::: Source material

(* Let $K$ be the correlation kernel described in the context. Let $t,t'$ be integers with $u_0<t<t+1<u_N$ and $u_0<t'<u_N$, let $j,j'\in\mathbb Z+\frac12$, and put $m=t+\frac12$. If $m\in D^+$, then $$ K((t+1,j),(t',j'))-K((t,j),(t',j'))+x^+_m\,K((t,j-1),(t',j'))=\delta_{t+1,t'}\,\delta_{j,j'} . $$ If $m\in D^-$, then $$ K((t+1,j),(t',j'))-K((t,j),(t',j'))+x^-_m\,K((t,j+1),(t',j'))=\delta_{t+1,t'}\,\delta_{j,j'} . $$
   Context: Fix an integer $N\ge1$ and integers $u_0<v_1<u_1<\dots<u_{N-1}<v_N<u_N$. For each integer $t$ with $u_0<t<u_N$ fix $q_t\in(0,1)$. For a half-integer $m\in(u_0,u_N)$ write $m\in D^+$ if $v_i<m<u_i$ for some $i$, and $m\in D^-$ if $u_{i-1}<m<v_i$ for some $i$. Put $x^+_m=\prod_{t\in\mathbb Z,\,u_0<t<m}q_t$ and $x^-_m=(x^+_m)^{-1}$. Define $$ \Phi_+(z,t)=\prod_{m\in D^+,\,m>t}(1-zx^+_m),\qquad \Phi_-(z,t)=\prod_{m\in D^-,\,m<t}(1-x^-_m/z), $$ $$ R(t)=\min_{m\in D^+,m>t}1/x^+_m\ (+\infty\text{ if empty}),\qquad R^*(t)=\max_{m\in D^-,m<t}x^-_m\ (0\text{ if empty}). $$ For integers $t_1,t_2\in(u_0,u_N)$ and $j_1,j_2\in\mathbb Z+\frac12$, $$ K((t_1,j_1),(t_2,j_2))=\frac{1}{(2\pi i)^2}\oint_{|z|=\rho_1}\oint_{|w|=\rho_2}\frac{\Phi_-(z,t_1)\Phi_+(w,t_2)}{\Phi_+(z,t_1)\Phi_-(w,t_2)}\frac{z^{-j_1-\frac12}w^{j_2-\frac12}}{z-w}\,dz\,dw . $$ The circles are positively oriented, with $\rho_1<R(t_1)$ and $\rho_2>R^*(t_2)$; moreover $\rho_2<\rho_1$ if $t_1\ge t_2$, and $\rho_1<\rho_2$ if $t_1<t_2$. This $K$ is the correlation kernel of the random sequence of interlacing partitions (diagonal slices of a random skew plane partition) with weight $\prod q_t^{|\lambda(t)|}$. *)

theory Defs
  imports "HOL-Complex_Analysis.Complex_Analysis"
begin

text \<open>Half-integers are represented as real numbers m with m - 1/2 an integer.
  The data: u :: nat => int gives u_0,...,u_N, v :: nat => int gives v_1,...,v_N,
  q :: int => real gives the weights q_t.\<close>

definition halfint :: "real set" where
  "halfint = {m. m - 1/2 \<in> \<int>}"

definition Dplus :: "nat \<Rightarrow> (nat \<Rightarrow> int) \<Rightarrow> (nat \<Rightarrow> int) \<Rightarrow> real set" where
  "Dplus N u v = {m \<in> halfint. real_of_int (u 0) < m \<and> m < real_of_int (u N) \<and>
      (\<exists>i\<in>{1..N}. real_of_int (v i) < m \<and> m < real_of_int (u i))}"

definition Dminus :: "nat \<Rightarrow> (nat \<Rightarrow> int) \<Rightarrow> (nat \<Rightarrow> int) \<Rightarrow> real set" where
  "Dminus N u v = {m \<in> halfint. real_of_int (u 0) < m \<and> m < real_of_int (u N) \<and>
      (\<exists>i\<in>{1..N}. real_of_int (u (i - 1)) < m \<and> m < real_of_int (v i))}"

definition xplus :: "(nat \<Rightarrow> int) \<Rightarrow> (int \<Rightarrow> real) \<Rightarrow> real \<Rightarrow> real" where
  "xplus u q m = (\<Prod>s\<in>{s::int. u 0 < s \<and> real_of_int s < m}. q s)"

definition xminus :: "(nat \<Rightarrow> int) \<Rightarrow> (int \<Rightarrow> real) \<Rightarrow> real \<Rightarrow> real" where
  "xminus u q m = inverse (xplus u q m)"
lemma straight_homotopy_rel_Fix:
  assumes \<phi>: "is_chart U \<phi>" and "continuous_on UNIV f" and "x \<in> U" "f x = x"
    and dom: "ball (\<phi> x) \<epsilon> \<subseteq> \<phi> ` U"
    and y: "y \<in> Fix f \<inter> chart_ball (U, \<phi>) x \<epsilon>"
    and image: "f ` seg (U, \<phi>) x y \<subseteq> chart_ball (U, \<phi>) x \<epsilon>"
    and disjoint: "\<And>p. p \<notin> Fix f \<Longrightarrow> p \<in> chart_ball (U, \<phi>) x \<epsilon> \<Longrightarrow> f p \<in> chart_ball (U, \<phi>) x \<epsilon>
                     \<Longrightarrow> seg (U, \<phi>) p (f p) \<inter> Fix f = {}"
  shows "homotopy_rel (Fix f) (seg_path (U, \<phi>) x y) (f \<circ> seg_path (U, \<phi>) x y)
           (straight_homotopy (U, \<phi>) (seg_path (U, \<phi>) x y) (f \<circ> seg_path (U, \<phi>) x y))"
proof -
  define \<gamma> where "\<gamma> = seg_path (U, \<phi>) x y"
  define H where "H = straight_homotopy (U, \<phi>) \<gamma> (f \<circ> \<gamma>)"
  have "y \<in> U" "f y = y" "y \<in> chart_ball (U, \<phi>) x \<epsilon>" "x \<in> chart_ball (U, \<phi>) x \<epsilon>"
    using y \<open>x \<in> U\<close> by (auto simp: mem_chart_ball_iff[OF \<phi>] Fix_def) (meson le_less_trans zero_le_dist)
  have \<gamma>: "\<gamma> s \<in> chart_ball (U, \<phi>) x \<epsilon>" "f (\<gamma> s) \<in> chart_ball (U, \<phi>) x \<epsilon>" if "s \<in> {0..1}" for s
    using chart_ball_segment(3)[OF \<phi> dom \<open>x \<in> chart_ball (U, \<phi>) x \<epsilon>\<close> \<open>y \<in> chart_ball (U, \<phi>) x \<epsilon>\<close>]
      image that unfolding \<gamma>_def seg_def by auto
  then have \<gamma>_U: "\<gamma> s \<in> U" "f (\<gamma> s) \<in> U" if "s \<in> {0..1}" for s
    using that unfolding mem_chart_ball_iff[OF \<phi>] by auto
  have H_seg: "H t s = seg_path (U, \<phi>) (\<gamma> s) (f (\<gamma> s)) t" for t s
    unfolding H_def straight_homotopy_eq_seg_path by simp
  have "continuous_on {0..1} \<gamma>"
    unfolding \<gamma>_def using chart_ball_segment(1)[OF \<phi> dom \<open>x \<in> chart_ball (U, \<phi>) x \<epsilon>\<close>
        \<open>y \<in> chart_ball (U, \<phi>) x \<epsilon>\<close>] dom
    by (intro continuous_on_seg_path[OF \<phi>]) auto
  moreover have "continuous_on {0..1} (f \<circ> \<gamma>)"
    using continuous_on_compose calculation continuous_on_subset[OF \<open>continuous_on UNIV f\<close>] by blast
  ultimately have "continuous_on ({0..1} \<times> {0..1}) (\<lambda>(t, s). H t s)"
    unfolding H_def using \<gamma> by (intro continuous_on_straight_homotopy[OF \<phi> dom]) auto
  moreover have "H 0 s = \<gamma> s \<and> H 1 s = (f \<circ> \<gamma>) s" if "s \<in> {0..1}" for s
    using \<gamma>_U[OF that] seg_path_simps(1,2)[OF \<phi>] unfolding H_seg by simp
  moreover have "H t 0 = \<gamma> 0 \<and> H t 1 = \<gamma> 1" for t
    using seg_path_simps[OF \<phi>] \<open>x \<in> U\<close> \<open>y \<in> U\<close> \<open>f x = x\<close> \<open>f y = y\<close>
    unfolding H_seg \<gamma>_def by simp
  moreover have "H t s = H t0 s"
    if "t0 \<in> {0..1}" "s \<in> {0..1}" "H t0 s \<in> Fix f" for t0 s t
    using seg_path_to_image_Fix_const[OF \<phi> \<gamma>_U(1) that(1)] that(2,3) disjoint \<gamma> unfolding H_seg by blast
  ultimately show ?thesis
    unfolding homotopy_rel_def H_def[symmetric] \<gamma>_def[symmetric] by blast
qed
(* Let $n \ge 1$ and $w \in S_n$. The Schubert polynomial $\mathfrak{S}_w$ is a single complete homogeneous monomial, i.e. $\mathfrak{S}_w = h_{\vec a}$ for some sequence $\vec a$, if and only if $w$ avoids the patterns $321$ and $231$.
   Context: For $i \ge 1$ and $j \ge 0$, $h^i_j$ denotes the complete homogeneous symmetric polynomial of degree $j$ in the variables $x_1,\dots,x_i$ (so $h^i_0 = 1$). A complete homogeneous monomial (CHM) is a product $h_{\vec a} = h^1_{a_1} h^2_{a_2}\cdots$ where $\vec a = (a_1,a_2,\dots)$ is a sequence of nonnegative integers, only finitely many nonzero. Schubert polynomials $\mathfrak{S}_w$, $w \in S_n$, are defined by $\mathfrak{S}_{w_0} = x_1^{n-1}x_2^{n-2}\cdots x_{n-1}$ for the longest element $w_0$, and $\partial_i \mathfrak{S}_w = \mathfrak{S}_{ws_i}$ if $\ell(ws_i) = \ell(w)-1$, $\partial_i\mathfrak{S}_w = 0$ otherwise, where $\partial_i f = (f - s_i f)/(x_i - x_{i+1})$ and $s_i$ swaps $x_i, x_{i+1}$. A permutation $w$ contains a pattern $p \in S_k$ if there are indices $i_1 < \dots < i_k$ such that $w(i_1),\dots,w(i_k)$ are in the same relative order as $p(1),\dots,p(k)$; otherwise $w$ avoids $p$. *)

theory Defs
  imports "HOL-Library.Poly_Mapping" "HOL-Combinatorics.Permutations" "HOL-Combinatorics.Transposition"
begin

::::::

▸ **Exercise directions**
Count every line of the records above in which the string "complete" appears. The number alone is to be given.

▸ **Task response**
2